There is an Oracle database schema (very small in data, but still about 10-15 tables). It contains a sort of configuration (routing tables).
There is an application that have to poll this schema from time to time. Notifications are not to be used.
If no data in the schema were updated, the application should use its current in-memory version.
If any table had any update, the application should reload all the tables into memory.
What would be the most effective way to check the whole schema for update since a given key point (time or transaction id)?
I am imagined Oracle keeps an transaction id per schema. Then there should be a way to query such an ID and keep it to compare with at next poll.
I've found this question, where such an pseudo-column exists on a row level:
How to find out when an Oracle table was updated the last time
I would think something similar exists on a schema level.
Can someone please point me in the right direction?
If you want to find, when a table was last modified like insert,update ,delete, then use the dictionary table dba_tab_modifications.

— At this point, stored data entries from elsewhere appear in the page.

text \<open>Banach lattices are modelled as types of sort
  banach + ordered_real_vector + lattice (an ordered real Banach space whose order is a
  lattice, i.e. a Riesz space), together with the lattice-norm axiom.\<close>

definition labs :: "'a::{lattice, uminus} \<Rightarrow> 'a" where
  "labs x = sup x (- x)"

definition banach_lattice :: "'a::{banach, ordered_real_vector, lattice} itself \<Rightarrow> bool" where
  "banach_lattice _ \<longleftrightarrow> (\<forall>x y::'a. labs x \<le> labs y \<longrightarrow> norm x \<le> norm y)"

definition infinite_dimensional :: "'a::real_vector itself \<Rightarrow> bool" where
  "infinite_dimensional _ \<longleftrightarrow> \<not> (\<exists>S::'a set. finite S \<and> span S = UNIV)"

definition ldisj :: "'a::{lattice, uminus, zero} \<Rightarrow> 'a \<Rightarrow> bool" where
  "ldisj x y \<longleftrightarrow> inf (labs x) (labs y) = 0"

definition lnorm :: "ereal \<Rightarrow> nat \<Rightarrow> (nat \<Rightarrow> real) \<Rightarrow> real" where
  "lnorm r n a = (if r = \<infinity> then Max (insert 0 ((\<lambda>i. \<bar>a i\<bar>) ` {..<n}))
                  else (\<Sum>i<n. \<bar>a i\<bar> powr real_of_ereal r) powr (1 / real_of_ereal r))"

definition rel_decomposable ::
  "'a::{banach, ordered_real_vector, lattice} itself \<Rightarrow> 'b::{banach, ordered_real_vector, lattice} itself
    \<Rightarrow> ereal \<Rightarrow> bool" where
  "rel_decomposable _ _ s \<longleftrightarrow> (\<exists>D::real. \<forall>n. \<forall>x::nat \<Rightarrow> 'a. \<forall>y::nat \<Rightarrow> 'b.
     (\<forall>i<n. x i \<noteq> 0) \<and> (\<forall>i<n. y i \<noteq> 0) \<and>
     (\<forall>i<n. \<forall>j<n. i \<noteq> j \<longrightarrow> ldisj (x i) (x j)) \<and>
     (\<forall>i<n. \<forall>j<n. i \<noteq> j \<longrightarrow> ldisj (y i) (y j)) \<longrightarrow>
     norm (\<Sum>i<n. y i) \<le> D * lnorm s n (\<lambda>i. norm (y i) / norm (x i)) * norm (\<Sum>i<n. x i))"
lemma density_indicator_image_eq_distr:
  fixes \<phi> :: "'a::topological_space \<Rightarrow> 'b::topological_space" and w :: "'a \<Rightarrow> real"
  assumes M: "sets M = sets borel" and N: "sets N = sets borel"
    and \<phi> [measurable]: "\<phi> \<in> borel_measurable borel" and w [measurable]: "w \<in> borel_measurable borel"
    and C [measurable]: "C \<in> sets borel" "\<phi> ` C \<in> sets borel"
    and image: "\<And>B. B \<in> sets borel \<Longrightarrow> B \<subseteq> C \<Longrightarrow> emeasure N (\<phi> ` B) = emeasure (density M w) B"
  shows "density N (\<lambda>y. ennreal (indicator (\<phi> ` C) y))
    = distr (density M (\<lambda>x. ennreal (indicator C x * w x))) N \<phi>"
proof (rule measure_eqI)
  define g where "g x = indicator C x * w x" for x
  have space_M: "space M = UNIV" using sets_eq_imp_space_eq[OF M] by simp
  have \<phi>_MN: "\<phi> \<in> measurable M N" using \<phi> by (simp add: measurable_cong_sets[OF M N])
  fix A assume "A \<in> sets (density N (\<lambda>y. ennreal (indicator (\<phi> ` C) y)))"
  then have A: "A \<in> sets borel" using N by simp
  then have preimage: "\<phi> -` A \<in> sets borel" using measurable_sets[OF \<phi> A] by simp
  have "emeasure (density N (\<lambda>y. ennreal (indicator (\<phi> ` C) y))) A
      = (\<integral>\<^sup>+y. ennreal (indicator (\<phi> ` C) y) * indicator A y \<partial>N)"
    by (rule emeasure_density) (use N A in auto)
  also have "\<dots> = (\<integral>\<^sup>+y. indicator (A \<inter> \<phi> ` C) y \<partial>N)"
    by (rule nn_integral_cong) (auto simp: indicator_def)
  also have "\<dots> = emeasure N (A \<inter> \<phi> ` C)"
    by (rule nn_integral_indicator) (use N A C in simp)
  also have "A \<inter> \<phi> ` C = \<phi> ` (\<phi> -` A \<inter> C)" by blast
  also have "emeasure N \<dots> = emeasure (density M w) (\<phi> -` A \<inter> C)"
    using preimage C(1) by (intro image) auto
  also have "\<dots> = (\<integral>\<^sup>+x. ennreal (w x) * indicator (\<phi> -` A \<inter> C) x \<partial>M)"
    by (rule emeasure_density) (use M preimage C(1) in auto)
  also have "\<dots> = (\<integral>\<^sup>+x. ennreal (g x) * indicator (\<phi> -` A) x \<partial>M)"
    by (rule nn_integral_cong) (auto simp: g_def indicator_def)
  also have "\<dots> = emeasure (density M g) (\<phi> -` A)"
    by (rule emeasure_density[symmetric]) (use M preimage in \<open>auto simp: g_def\<close>)
  also have "\<dots> = emeasure (distr (density M g) N \<phi>) A"
    using \<phi>_MN A N by (simp add: emeasure_distr space_M)
  finally show "emeasure (density N (\<lambda>y. ennreal (indicator (\<phi> ` C) y))) A
      = emeasure (distr (density M (\<lambda>x. ennreal (indicator C x * w x))) N \<phi>) A"
    unfolding g_def .
qed simp
text \<open>On a block \<open>S\<^sub>k\<close> where \<open>u\<^sup>H\<close> has slope \<open>b\<close>, the candidate corrector
  \<open>w = \<epsilon> b \<chi>(X\<^sub>coll, \<cdot>)\<close> is \<open>p\<close>-periodic with zero mean, and by the cell equation
  the flux \<open>\<psi>(X\<^sub>coll, \<cdot>) D(\<ell>\<^sub>k + w) = b \<psi> (1 + D\<^sub>Y\<chi>)\<close> is constant.  A constant
  flux is orthogonal to the difference quotient of every \<open>p\<close>-periodic function, since such
  difference quotients telescope to zero over a period.  So \<open>w\<close> solves the local cell problem,
  whose solution is unique because \<open>\<psi> > 0\<close> makes the local energy definite on zero-mean
  periodic functions.\<close>

lemma per_add_mult:
  assumes "per n u"
  shows "u (i + m * n) = u i"
proof (induction m rule: int_induct[where k = 0])
  case base
  then show ?case by simp
next
  case (step1 m)
  have "u (i + (m + 1) * n) = u ((i + m * n) + n)" by (simp add: algebra_simps)
  also have "\<dots> = u (i + m * n)" using assms unfolding per_def by blast
  finally show ?case using step1 by simp
next
  case (step2 m)
  have "u (i + m * n) = u ((i + (m - 1) * n) + n)" by (simp add: algebra_simps)
  also have "\<dots> = u (i + (m - 1) * n)" using assms unfolding per_def by blast
  finally show ?case using step2 by simp
qed

lemma shift_invariant_const:
  assumes "\<forall>j. g (j + 1) = g (j :: int)"
  shows "g j = g 0"
proof (induction j rule: int_induct[where k = 0])
  case base
  then show ?case by simp
next
  case (step1 m)
  then show ?case using assms by metis
next
  case (step2 m)
  then show ?case using assms[rule_format, of "m - 1"] by simp
qed

lemma per_shift_invariant:
  assumes "per (int p) d" and "p > 0"
    and step: "\<forall>i \<in> {r..r + int p - 1}. d (i + 1) = d i"
  shows "d (j + 1) = d j"
proof -
  define j' where "j' = r + (j - r) mod int p"
  define m where "m = (j - r) div int p"
  have j: "j = j' + m * int p"
    unfolding j'_def m_def by (simp add: algebra_simps mod_div_mult_eq[symmetric])
  have "j' \<in> {r..r + int p - 1}"
    unfolding j'_def using \<open>p > 0\<close> by (simp add: pos_mod_bound pos_mod_sign)
  have "d (j + 1) = d ((j' + 1) + m * int p)" using j by (simp add: algebra_simps)
  also have "\<dots> = d j'" using per_add_mult[OF assms(1)] step \<open>j' \<in> _\<close> by simp
  also have "\<dots> = d j" using j per_add_mult[OF assms(1)] by metis
  finally show ?thesis .
qed

lemma Upsharp_shift_invariant_eq_0:
  assumes "d \<in> Upsharp p" and "p > 0" and "\<forall>j. d (j + 1) = d j"
  shows "d = (\<lambda>_. 0)"
proof -
  have const: "d j = d 0" for j using shift_invariant_const[OF assms(3)] .
  have "real p * d 0 = (\<Sum>i = 1..int p. d 0)" by simp
  also have "\<dots> = (\<Sum>i = 1..int p. d i)" by (intro sum.cong refl) (rule const[symmetric])
  also have "\<dots> = 0" using assms(1) unfolding Upsharp_def by simp
  finally show ?thesis using const \<open>p > 0\<close> by auto
qed

lemma sum_diff_telescope_int:
  "(\<Sum>i = r..r + int m - 1. s (i + 1) - s i) = s (r + int m) - (s r :: real)"
proof (induction m)
  case 0
  then show ?case by simp
next
  case (Suc m)
  have "{r..r + int (Suc m) - 1} = insert (r + int m) {r..r + int m - 1}" by auto
  then show ?case using Suc by (simp add: algebra_simps)
qed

So, in Oracle database table rows are not in ordered untill and unless you don't have a column by which you will say order by <that_column>. If you wish to get the last updated row, just enable auditing for table and query (timestamp column of dba_audit_trail view) and forget all rest thing.
All DML is recorded in REDO logfile. DBMS_LOGMNR can be used to inspect the content of any REDO log file. You can find out from view dba_tab_modifications.
I'm not aware of any such functionality in Oracle. See below.
The best solution I can come up with is to create a trigger on each of your tables that updates a one-row table or context with the current date/time. Such triggers could be at the table-level (as opposed to row-level), so they wouldn't carry as much overhead as most triggers.
Incidentally, Oracle can't keep a transaction ID per schema, as one transaction could affect multiple schemas. It might be possible to use V$ views to track a transaction back to the objects it affected, but it wouldn't be easy and it would almost certainly perform poorer than the trigger scheme.
It turns out, if you have 10g, you can use Oracle's flashback functionality to get this information. However, you'd need to enable flashback (which carries some overhead of it's own) and the query is ridiculously slow (presumably because it's not really intended for this use):
select max(commit_timestamp)
from FLASHBACK_TRANSACTION_QUERY
where table_owner = 'YOUR_SCHEMA'
and operation in ('INSERT','UPDATE','DELETE','MERGE')
In order to avoid locking issues in the "last updated" table, you'd probably want to put that update into a procedure that uses an autonomous transaction, such as:
create or replace procedure log_last_update as
pragma autonomous_transaction;
begin
update last_update set update_date = greatest(sysdate,update_date);
commit;
end log_last_update;
This will cause your application to serialize to some degree: each statement that needs to call this procedure will need to wait until the previous one finishes. The "last updated" table may also get out of sync, because the update on it will persist even if the update that activated the trigger is rolled back. Finally, if you have a particularly long transaction, the application could pick up the new date/time before the transaction is completed, defeating the purpose. The more I think about this, the more it seems like a bad idea.
The better solution to avoid these issues is just to insert a row from the triggers. This would not lock the table, so there wouldn't be any serialization and the inserts wouldn't need to be made asynchronously, so they could be rolled back along with the actual data (and wouldn't be visible to your application until the data is visible as well). The application would get the max, which should be very fast if the table is indexed (in fact, this table would be an ideal candidate for an index-organized table). The only downside is that you'd want a job that runs periodically to clean out old values, so it didn't grow too large.